[[ EXTRACTED DATA open ]]

(* largest_eigenvalue is a Max, so it is meaningful only once the real eigenvalues are shown
   to form a finite nonempty set. *)
lemma finite_eigenvalues:
  fixes A :: "real^'n^'n"
  assumes "transpose A = A"
  shows "finite {mu. \<exists>x. x \<noteq> 0 \<and> A *v x = mu *\<^sub>R x}" (is "finite ?S")
proof -
  define v where "v mu = (SOME x. x \<noteq> 0 \<and> A *v x = mu *\<^sub>R x)" for mu
  have v: "v mu \<noteq> 0 \<and> A *v v mu = mu *\<^sub>R v mu" if "mu \<in> ?S" for mu
    using that unfolding v_def mem_Collect_eq by (rule someI_ex)
  have inj: "inj_on v ?S"
  proof (rule inj_onI)
    fix a b assume a: "a \<in> ?S" and b: "b \<in> ?S" and ab: "v a = v b"
    have "a *\<^sub>R v a = b *\<^sub>R v a" using v[OF a] v[OF b] ab by metis
    then show "a = b" using v[OF a] by simp
  qed
  have orth: "pairwise orthogonal (v ` ?S)"
  proof (rule pairwise_imageI)
    fix a b assume "a \<in> ?S" "b \<in> ?S" "a \<noteq> b"
    then show "orthogonal (v a) (v b)"
      unfolding orthogonal_def using eigenvectors_orthogonal[OF assms] v by blast
  qed
  have "0 \<notin> v ` ?S" using v by force
  then have "finite (v ` ?S)"
    using orth by (intro independent_imp_finite pairwise_orthogonal_independent)
  then show ?thesis using inj finite_imageD by blast
qed
lemma sum_integral_expected_loss_le:
  assumes "finite I" and "0 < lam" and "0 < \<delta>"
    and \<kappa>: "\<And>i. i \<in> I \<Longrightarrow> \<kappa> i \<in> space (prob_algebra MZ)"
    and P: "\<And>i. i \<in> I \<Longrightarrow> P i \<in> space (prob_algebra MH)"
    and Q: "\<And>i. i \<in> I \<Longrightarrow> Q i \<in> space (prob_algebra MH)"
    and z: "\<And>i. i \<in> I \<Longrightarrow> z i \<in> space MZ"
    and prod_le: "(\<Prod>i\<in>I. ennreal (gap_exp_moment lam (\<kappa> i) (P i) (z i))) \<le> ennreal (1 / \<delta>)"
  shows "ereal (\<Sum>i\<in>I. \<integral>h. (\<integral>z'. loss h z' \<partial>\<kappa> i) \<partial>Q i)
    \<le> (\<Sum>i\<in>I. ereal (\<integral>h. loss h (z i) \<partial>Q i) + KL_div (Q i) (P i) / ereal lam)
       + ereal (lam * real (card I) * K\<^sup>2 / 2) + ereal (ln (1 / \<delta>) / lam)"
proof -
  let ?Z = "\<lambda>i. gap_exp_moment lam (\<kappa> i) (P i) (z i)"
  have Z_pos: "0 < ?Z i" if "i \<in> I" for i
    using gap_exp_moment_pos[OF \<kappa>[OF that] P[OF that] z[OF that]] .
  have "(\<Prod>i\<in>I. ennreal (?Z i)) = ennreal (\<Prod>i\<in>I. ?Z i)"
    using Z_pos by (intro prod_ennreal) (simp add: less_imp_le)
  then have "(\<Prod>i\<in>I. ?Z i) \<le> 1 / \<delta>"
    using prod_le \<open>0 < \<delta>\<close> by simp
  then have "ln (\<Prod>i\<in>I. ?Z i) \<le> ln (1 / \<delta>)"
    using Z_pos \<open>0 < \<delta>\<close> by (simp add: prod_pos)
  moreover have "ln (\<Prod>i\<in>I. ?Z i) = (\<Sum>i\<in>I. ln (?Z i))"
    using Z_pos \<open>finite I\<close> by (intro ln_prod) (auto simp: less_imp_neq[symmetric])
  ultimately have "(\<Sum>i\<in>I. ln (?Z i)) / lam \<le> ln (1 / \<delta>) / lam"
    using \<open>0 < lam\<close> by (simp add: divide_right_mono)
  then have "(\<Sum>i\<in>I. ln (?Z i) / lam) \<le> ln (1 / \<delta>) / lam"
    by (simp add: sum_divide_distrib)
  moreover have "(\<Sum>i\<in>I. ln (?Z i) / lam + lam * K\<^sup>2 / 2)
      = (\<Sum>i\<in>I. ln (?Z i) / lam) + lam * real (card I) * K\<^sup>2 / 2"
    by (simp add: sum.distrib mult_ac)
  ultimately have ln_sum: "(\<Sum>i\<in>I. ln (?Z i) / lam + lam * K\<^sup>2 / 2)
      \<le> lam * real (card I) * K\<^sup>2 / 2 + ln (1 / \<delta>) / lam"
    by linarith
  have "ereal (\<Sum>i\<in>I. \<integral>h. (\<integral>z'. loss h z' \<partial>\<kappa> i) \<partial>Q i) = (\<Sum>i\<in>I. ereal (\<integral>h. (\<integral>z'. loss h z' \<partial>\<kappa> i) \<partial>Q i))"
    by simp
  also have "\<dots> \<le> (\<Sum>i\<in>I. ereal (\<integral>h. loss h (z i) \<partial>Q i) + KL_div (Q i) (P i) / ereal lam
      + ereal (ln (?Z i) / lam + lam * K\<^sup>2 / 2))"
    using integral_expected_loss_le_KL_div[OF \<kappa> P Q z \<open>0 < lam\<close>] by (intro sum_mono) auto
  also have "\<dots> = (\<Sum>i\<in>I. ereal (\<integral>h. loss h (z i) \<partial>Q i) + KL_div (Q i) (P i) / ereal lam)
      + ereal (\<Sum>i\<in>I. ln (?Z i) / lam + lam * K\<^sup>2 / 2)"
    by (simp add: sum.distrib)
  also have "\<dots> \<le> (\<Sum>i\<in>I. ereal (\<integral>h. loss h (z i) \<partial>Q i) + KL_div (Q i) (P i) / ereal lam)
      + ereal (lam * real (card I) * K\<^sup>2 / 2 + ln (1 / \<delta>) / lam)"
    using ln_sum by (intro add_left_mono) simp
  finally show ?thesis
    by (simp add: add.assoc)
qed

end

[[ EXTRACTED DATA closed ]]

● **EXERCISE DETAILS**
Which lines of the data hold the string "intro"? Return each of them.

● **TASK OUTPUT**
    using orth by (intro independent_imp_finite pairwise_orthogonal_independent)
    using Z_pos by (intro prod_ennreal) (simp add: less_imp_le)
    using Z_pos \<open>finite I\<close> by (intro ln_prod) (auto simp: less_imp_neq[symmetric])
    using integral_expected_loss_le_KL_div[OF \<kappa> P Q z \<open>0 < lam\<close>] by (intro sum_mono) auto
    using ln_sum by (intro add_left_mono) simp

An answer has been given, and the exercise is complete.